### PROBLEM
Nothing but the lines from the one containing "obtain z where" through the one containing "n x = length", both included, should be given again, each exactly as written below.
----- RECORDS SHOWN -----
(* Let $T=\{a,b,c,d,e\}$ be the semigroup with multiplication $ay=a$, $dy=d$, $ey=e$ for all $y\in T$, and $ba=bb=bd=a$, $bc=b$, $be=d$, $ca=cb=cd=a$, $cc=c$, $ce=e$. (This $T$ is the dual $(\ell_3^{\mathsf{bar}})^{\mathsf{op}}$.) Then (i) the identities satisfied by $T$ are axiomatized by $xy^2\approx xy$ and $xyz\approx xyzy$; (ii) the subpseudovariety of $\llbracket T\rrbracket$ defined by the identity $xyzx\approx xyxz$ is the unique maximal subpseudovariety of $\llbracket T\rrbracket$.
   Context: Identities are between words over a countably infinite alphabet of variables. A pseudovariety is a class of finite semigroups closed under finite direct products, subsemigroups and homomorphic images; $\llbracket S\rrbracket$ is the pseudovariety generated by $S$; a maximal subpseudovariety is a maximal proper subpseudovariety. *)

theory Defs
  imports Main
begin

text \<open>Words over the countably infinite alphabet of variables nat are nonempty
lists of naturals. An identity is a pair of words.\<close>

fun eval_word :: "('a \<Rightarrow> 'a \<Rightarrow> 'a) \<Rightarrow> (nat \<Rightarrow> 'a) \<Rightarrow> nat list \<Rightarrow> 'a" where
  "eval_word m h [x] = h x"
| "eval_word m h (x # y # w) = m (h x) (eval_word m h (y # w))"
| "eval_word m h [] = undefined"

type_synonym 'a sgrp = "'a set \<times> ('a \<Rightarrow> 'a \<Rightarrow> 'a)"

definition is_semigroup :: "'a sgrp \<Rightarrow> bool" where
  "is_semigroup S \<longleftrightarrow> fst S \<noteq> {}
     \<and> (\<forall>x\<in>fst S. \<forall>y\<in>fst S. snd S x y \<in> fst S)
     \<and> (\<forall>x\<in>fst S. \<forall>y\<in>fst S. \<forall>z\<in>fst S. snd S (snd S x y) z = snd S x (snd S y z))"

definition finite_semigroup :: "'a sgrp \<Rightarrow> bool" where
  "finite_semigroup S \<longleftrightarrow> is_semigroup S \<and> finite (fst S)"

definition satisfies :: "'a sgrp \<Rightarrow> nat list \<Rightarrow> nat list \<Rightarrow> bool" where
  "satisfies S u v \<longleftrightarrow> (\<forall>h. (\<forall>x. h x \<in> fst S) \<longrightarrow> eval_word (snd S) h u = eval_word (snd S) h v)"

definition subst_word :: "(nat \<Rightarrow> nat list) \<Rightarrow> nat list \<Rightarrow> nat list" where
  "subst_word \<sigma> w = concat (map \<sigma> w)"

inductive derivable :: "(nat list \<times> nat list) set \<Rightarrow> nat list \<Rightarrow> nat list \<Rightarrow> bool"
  for E where
  ax: "(u, v) \<in> E \<Longrightarrow> derivable E u v"
| refl: "u \<noteq> [] \<Longrightarrow> derivable E u u"
| sym: "derivable E u v \<Longrightarrow> derivable E v u"
| trans: "derivable E u v \<Longrightarrow> derivable E v w \<Longrightarrow> derivable E u w"
| mult_left: "derivable E u v \<Longrightarrow> w \<noteq> [] \<Longrightarrow> derivable E (w @ u) (w @ v)"
| mult_right: "derivable E u v \<Longrightarrow> w \<noteq> [] \<Longrightarrow> derivable E (u @ w) (v @ w)"
| subst: "derivable E u v \<Longrightarrow> (\<forall>x. \<sigma> x \<noteq> []) \<Longrightarrow>
           derivable E (subst_word \<sigma> u) (subst_word \<sigma> v)"

definition is_hom :: "'a sgrp \<Rightarrow> 'b sgrp \<Rightarrow> ('a \<Rightarrow> 'b) \<Rightarrow> bool" where
  "is_hom S S' \<phi> \<longleftrightarrow> (\<forall>x\<in>fst S. \<phi> x \<in> fst S')
     \<and> (\<forall>x\<in>fst S. \<forall>y\<in>fst S. \<phi> (snd S x y) = snd S' (\<phi> x) (\<phi> y))"

definition is_iso :: "'a sgrp \<Rightarrow> 'b sgrp \<Rightarrow> ('a \<Rightarrow> 'b) \<Rightarrow> bool" where
  "is_iso S S' \<phi> \<longleftrightarrow> is_hom S S' \<phi> \<and> bij_betw \<phi> (fst S) (fst S')"

definition prod_sgrp :: "'a sgrp \<Rightarrow> 'b sgrp \<Rightarrow> ('a \<times> 'b) sgrp" where
  "prod_sgrp S1 S2 = (fst S1 \<times> fst S2,
     \<lambda>(a, b) (c, d). (snd S1 a c, snd S2 b d))"
lemma word_act_relator: "r \<in> relators n \<Longrightarrow> word_act r = id"
proof -
  assume "r \<in> relators n"
  then consider (square) s where "r = [s, s]" "s \<in> valid n"
    | (braid) i where "r = concat (replicate 3 [G i, G (i + 1)])" "1 \<le> i"
    | (commute) i j where "r = concat (replicate 2 [G i, G j])" "1 \<le> i" "1 \<le> j" "i + 2 \<le> j \<or> j + 2 \<le> i"
    | (braid') "r = concat (replicate 3 [G', G 2])"
    | (commute') i where "r = concat (replicate 2 [G', G i])" "1 \<le> i" "i \<noteq> 2"
    unfolding relators_def by blast
  then show ?thesis
  proof cases
    case square
    then show ?thesis
      using signed_swap_square[of "-1" 2] signed_swap_square[of "int i" "int i + 1" for i]
      by (cases s) (auto simp: numeral_eq_Suc valid_def)
  next
    case braid
    then show ?thesis
      using signed_swap_braid[of "int i" "int i + 1" "int i + 2"]
      by (simp add: word_act_concat_replicate ac_simps)
  next
    case commute
    then show ?thesis
      using signed_swap_disjoint_relation[of "int i" "int i + 1" "int j" "int j + 1"]
      by (auto simp: word_act_concat_replicate)
  next
    case braid'
    then show ?thesis
      using signed_swap_braid[of "-1" 2 3] by (simp add: word_act_concat_replicate)
  next
    case commute'
    then consider "i = 1" | "3 \<le> i" by linarith
    then show ?thesis
      using signed_swap_negated_relation[of "-1" 2]
        signed_swap_disjoint_relation[of "-1" 2 "int i" "int i + 1"] commute'
      by cases (auto simp: word_act_concat_replicate)
  qed
qed

lemma word_act_eqv: "eqv n x y \<Longrightarrow> word_act x = word_act y"
  by (induction rule: eqv.induct) (auto simp: word_act_append word_act_relator)

definition inversions :: "nat \<Rightarrow> (int \<Rightarrow> int) \<Rightarrow> (int \<times> int) set" where
  "inversions n p = {(x, y). x \<noteq> y \<and> x \<noteq> 0 \<and> y \<noteq> 0 \<and> \<bar>x\<bar> \<le> int n \<and> \<bar>y\<bar> \<le> int n
                              \<and> 0 < x + y \<and> p x + p y < 0}"

lemma finite_inversions: "finite (inversions n p)"
proof (rule finite_subset)
  show "inversions n p \<subseteq> {- int n..int n} \<times> {- int n..int n}"
    by (auto simp: inversions_def abs_le_iff)
qed simp

lemma inversions_id: "inversions n id = {}"
  by (auto simp: inversions_def)

lemma card_inversions_comp_signed_swap:
  assumes simple: "0 < a \<and> b = a + 1 \<or> a = -1 \<and> b = 2" and "b \<le> int n"
  shows "card (inversions n (p \<circ> signed_swap a b)) \<le> card (inversions n p) + 2"
proof -
  let ?s = "signed_swap a b"
  let ?I = "inversions n (p \<circ> ?s)"
  let ?R = "{(-a, b), (b, -a)}"
  have ab: "a \<noteq> 0" "b \<noteq> 0" "0 < \<bar>a\<bar>" "\<bar>a\<bar> \<le> int n" "0 < \<bar>b\<bar>" "\<bar>b\<bar> \<le> int n"
    using assms by auto
  have inj: "inj ?s"
    by (metis injI signed_swap_involution ab(1,2))
  have "(?s x, ?s y) \<in> inversions n p" if xy: "(x, y) \<in> ?I - ?R" for x y
  proof -
    from xy have "x \<noteq> y" "x \<noteq> 0" "y \<noteq> 0" "\<bar>x\<bar> \<le> int n" "\<bar>y\<bar> \<le> int n" "0 < x + y"
      "p (?s x) + p (?s y) < 0" "(x, y) \<noteq> (-a, b)" "(x, y) \<noteq> (b, -a)"
      by (auto simp: inversions_def)
    with signed_swap_range[OF ab(3-6)] signed_swap_sum_pos[OF simple] inj_eq[OF inj]
    show ?thesis
      by (simp add: inversions_def)
  qed
  then have "map_prod ?s ?s ` (?I - ?R) \<subseteq> inversions n p"
    by auto
  then have "card (?I - ?R) \<le> card (inversions n p)"
    by (rule card_inj_on_le[OF inj_on_subset[OF prod.inj_map[OF inj inj] subset_UNIV] _ finite_inversions])
  moreover have "card ?I - card ?R \<le> card (?I - ?R)"
    by (rule diff_card_le_card_Diff) simp
  moreover have "card ?R \<le> 2"
    by (rule card_insert_le_m1) simp_all
  ultimately show ?thesis by linarith
qed

lemma card_inversions_word_act:
  "set w \<subseteq> valid n \<Longrightarrow> 2 \<le> n \<Longrightarrow> card (inversions n (word_act w)) \<le> 2 * length w"
proof (induction w rule: rev_induct)
  case Nil
  show ?case using inversions_id[of n] by (simp add: id_def)
next
  case (snoc g w)
  have "g \<in> valid n" "set w \<subseteq> valid n"
    using snoc.prems(1) by simp_all
  then obtain a b where "gen_act g = signed_swap a b" "0 < a \<and> b = a + 1 \<or> a = -1 \<and> b = 2" "b \<le> int n"
    using gen_act_valid snoc.prems(2) by metis
  then have "card (inversions n (word_act (w @ [g]))) \<le> card (inversions n (word_act w)) + 2"
    using card_inversions_comp_signed_swap by (simp add: word_act_append)
  with snoc show ?case by simp
qed

lemma len_le_length: "set y \<subseteq> valid n \<Longrightarrow> eqv n x y \<Longrightarrow> len n x \<le> length y"
  unfolding len_def by (rule Least_le) blast

lemma card_inversions_le_len:
  assumes "set y \<subseteq> valid n" "eqv n x y" "2 \<le> n"
  shows "card (inversions n (word_act x)) \<le> 2 * len n x"
proof -
  obtain z where z: "set z \<subseteq> valid n" "eqv n x z" "length z = len n x"
    using LeastI_ex[of "\<lambda>k. \<exists>z. set z \<subseteq> valid n \<and> eqv n x z \<and> length z = k"] assms
    unfolding len_def by blast
  from z(2) have "word_act x = word_act z" by (rule word_act_eqv)
  then show ?thesis
    using card_inversions_word_act[OF z(1) assms(3)] z(3) by simp
qed

lemma len_eqI:
  assumes "set y \<subseteq> valid n" "eqv n x y" "2 \<le> n"
    and "2 * length y \<le> card (inversions n (word_act x))"
  shows "len n x = length y"
  using len_le_length[OF assms(1,2)] card_inversions_le_len[OF assms(1-3)] assms(4) by linarith

definition flip_signs :: "int set \<Rightarrow> int \<Rightarrow> int" where
  "flip_signs S x = (if \<bar>x\<bar> \<in> S then -x else x)"

definition cycle_act :: "int \<Rightarrow> int \<Rightarrow> int \<Rightarrow> int" where
  "cycle_act a b x =
     (if x = a then b + 1 else if x = -a then -b - 1
      else if a < x \<and> x \<le> b + 1 then x - 1 else if -b - 1 \<le> x \<and> x < -a then x + 1 else x)"

lemma word_act_wD: "1 \<le> k \<Longrightarrow> word_act (wD k) = flip_signs {1, int k + 1}"
proof (induction k rule: nat_induct_at_least)
  case base
  have "wD 1 = [G 1, G']" by (simp add: wD_def)
  then show ?case
    by (auto simp: fun_eq_iff signed_swap_def flip_signs_def)
next
  case (Suc k)
  define K where "K = int k"
  have K: "1 \<le> K" using Suc.hyps by (simp add: K_def)
  have "word_act (wD (Suc k)) = signed_swap (K + 1) (K + 2) \<circ> flip_signs {1, K + 1} \<circ> signed_swap (K + 1) (K + 2)"
    using Suc by (simp add: wD_Suc word_act_append K_def ac_simps comp_assoc)
  also have "\<dots> = flip_signs {1, K + 2}"
  proof
    fix x
    consider "x = K + 1" | "x = -K - 1" | "x = K + 2" | "x = -K - 2" | "x \<notin> {K + 1, -K - 1, K + 2, -K - 2}"
      by blast
    then show "(signed_swap (K + 1) (K + 2) \<circ> flip_signs {1, K + 1} \<circ> signed_swap (K + 1) (K + 2)) x = flip_signs {1, K + 2} x"
      by cases (use K in \<open>auto simp: signed_swap_def flip_signs_def\<close>)
  qed
  finally show ?case by (simp add: K_def ac_simps)
qed

lemma word_act_descending:
  assumes "1 \<le> a" "a \<le> b"
  shows "word_act (map G (rev [a..<b + 1])) = cycle_act (int a) (int b)"
  using assms(2)
proof (induction b rule: nat_induct_at_least)
  case base
  define A where "A = int a"
  have "1 \<le> A" using assms(1) by (simp add: A_def)
  then show ?case
    by (auto simp: fun_eq_iff signed_swap_def cycle_act_def A_def[symmetric])
next
  case (Suc b)
  define A where "A = int a"
  define B where "B = int b"
  have AB: "1 \<le> A" "A \<le> B" using Suc assms(1) by (simp_all add: A_def B_def)
  have "map G (rev [a..<Suc b + 1]) = G (Suc b) # map G (rev [a..<b + 1])"
    using Suc by simp
  then have "word_act (map G (rev [a..<Suc b + 1])) = gen_act (G (Suc b)) \<circ> cycle_act A B"
    by (simp only: word_act.simps Suc.IH A_def B_def)
  also have "\<dots> = signed_swap (B + 1) (B + 2) \<circ> cycle_act A B"
    by (simp add: B_def ac_simps)
  also have "\<dots> = cycle_act A (B + 1)"
  proof
    fix x
    consider "x = A" | "x = -A" | "x = B + 1" | "x = B + 2" | "x = -B - 1" | "x = -B - 2"
      | "x \<notin> {A, -A, B + 1, B + 2, -B - 1, -B - 2}"
      by blast
    then show "(signed_swap (B + 1) (B + 2) \<circ> cycle_act A B) x = cycle_act A (B + 1) x"
      by cases (use AB in \<open>auto simp: signed_swap_def cycle_act_def\<close>)
  qed
  also have "\<dots> = cycle_act (int a) (int (Suc b))"
    by (simp add: A_def B_def add.commute)
  finally show ?case .
qed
-----
### PROBLEM SOLUTION
  obtain z where z: "set z \<subseteq> valid n" "eqv n x z" "length z = len n x"
    using LeastI_ex[of "\<lambda>k. \<exists>z. set z \<subseteq> valid n \<and> eqv n x z \<and> length z = k"] assms
    unfolding len_def by blast
  from z(2) have "word_act x = word_act z" by (rule word_act_eqv)
  then show ?thesis
    using card_inversions_word_act[OF z(1) assms(3)] z(3) by simp
qed

lemma len_eqI:
  assumes "set y \<subseteq> valid n" "eqv n x y" "2 \<le> n"
    and "2 * length y \<le> card (inversions n (word_act x))"
  shows "len n x = length y"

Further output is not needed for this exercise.